In the circs, it must be said that the open letter is not a million miles from that other essentially absurd and self-regarding piece of posturing, the newspaper column, of which – FULL DISCLOSURE – your correspondent types out three a week. (In fact there is only one column – it's a bit likethat episode of Bagpuss where the mice on the mouse organ claim to have a chocolate-biscuit mill, but in fact have only a single chocolate biscuit which they keep wheeling around the back before producing it again and claiming it's new product). But at least a newspaper column doesn't affect to be addressed to someone far grander than the people doing it the favour of reading it.
Still, on with the show, and a now-overdue recap of the disagreements in question. David Mitchell doesn't back the royal charter on press regulation, but Steve Coogan does. Meanwhile Russell Brand opines you shouldn't vote, and Robert Webb disagrees and says Russell's article on the matter made him rejoin the Labour party.

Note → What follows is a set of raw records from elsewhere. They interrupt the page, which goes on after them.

theorem mainTheorem15:
  fixes A B :: "real mat" and n r :: nat
  assumes "A \<in> carrier_mat n r" and "B \<in> carrier_mat r n"
    and "vec_space.rank n A = n" and "vec_space.rank r B = n"
  shows "(sign_vec ` mat_kernel A \<inter> sign_vec ` mat_image B = {0\<^sub>v r}) \<longleftrightarrow>
    ((\<forall>J K. J \<subseteq> {0..<r} \<and> card J = n \<and> K \<subseteq> {0..<r} \<and> card K = n \<and>
        minor_prod n A B J \<noteq> 0 \<and> minor_prod n A B K \<noteq> 0 \<longrightarrow>
        sgn (minor_prod n A B J) = sgn (minor_prod n A B K)) \<and>
     (\<exists>J. J \<subseteq> {0..<r} \<and> card J = n \<and> minor_prod n A B J \<noteq> 0))"
proof -
  note A = assms(1) and B = assms(2)
  have inj: "\<forall>z\<in>carrier_vec n. B *\<^sub>v z = 0\<^sub>v r \<longrightarrow> z = 0\<^sub>v n"
    using vec_space.full_rank_injective[OF B assms(4)] by blast
  have "(sign_vec ` mat_kernel A \<inter> sign_vec ` mat_image B = {0\<^sub>v r}) \<longleftrightarrow>
      (\<forall>d. (\<forall>j. 0 < d j) \<longrightarrow> det (scale_cols A d * B) \<noteq> 0)"
    unfolding sign_vec_kernel_image_trivial_iff[OF A B] det_scale_cols_mult_zero_iff[OF A B inj]
    by blast
  also have "\<dots> \<longleftrightarrow> (\<forall>d. (\<forall>j. 0 < d j) \<longrightarrow> subset_poly (minor_prod n A B) (subsets_of_card n r) d \<noteq> 0)"
    by (simp add: det_scale_cols_mult[OF A B] subset_poly_def minor_prod_def)
  also have "\<dots> \<longleftrightarrow>
      ((\<forall>J\<in>subsets_of_card n r. \<forall>K\<in>subsets_of_card n r. minor_prod n A B J \<noteq> 0 \<and> minor_prod n A B K \<noteq> 0
          \<longrightarrow> sgn (minor_prod n A B J) = sgn (minor_prod n A B K)) \<and>
       (\<exists>J\<in>subsets_of_card n r. minor_prod n A B J \<noteq> 0))"
    by (rule subset_poly_positive_orthant_iff[OF finite_subsets_of_card, where n = n]) (auto intro: finite_subset)
  finally show ?thesis by blast
qed

end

And so to the open letters. There were the obligatory tetchy air kisses. "I've been a big fan of yours over the years … you are consistently well above average," wrote Coogan to Mitchell, before observing that the column in question was not "up there with your most rib-tickling stuff. So I can only assume it's, er, what you actually think." "I just thought you might I might want to hear from someone who a) really likes your work," wrote Webb to Brand, "b) takes you seriously as a thoughtful person, and c) thinks you're talking through your arse about something very important."
"David, if your article were a schoolboy's essay," concluded Coogan, "it would score highly for style. But it would be covered in red ink with frequent use of the word 'sloppy', finishing with 'see me'."
Mitchell's response, it must be said, felt as reluctant as it was restrained, ending with a pointed: "I don't think you're insane to think [what you do] – I just don't agree." His comic partner took a rather more sledgehammer tack with Brand. "I'm aware of the basic absurdity of what I'm trying to achieve here," he wrote, "like getting Liberace to give a shit about the working tax credit." Like Coogan, he felt moved to mark Brand's work. "You're a wonderful talker but on the page you sometimes let your style get ahead of what you actually think … keep an eye on that … it won't really do." His signoff to Russell? "In brief, and I say this with the greatest respect, please read some fucking Orwell."
If it is unfair to pick out these faux-chummy digs as opposed to whatever was the substance of either man's argument, it is regrettably inevitable. The nature of the open letter form dictates that it is not the argument, but the cod-familiarity, the this-comes-from-a-place-of-love needling that ends up being most excruciatingly memorable thing about it.
As for the reader, maybe they are left marvelling how lucky they are to live in this golden age of comedians writing to each other, and allowing them a squiz. Or maybe they feel like adapting the old saw about eavesdroppers only hearing the worst of themselves, and observing that those forced to play the role of voyeur to an open letter only hear the worst of whoever penned it. Many who read Coogan or Webb's classics of the form might rather wish they hadn't, and could preserve a more flattering picture of the people whose other work they have long enjoyed.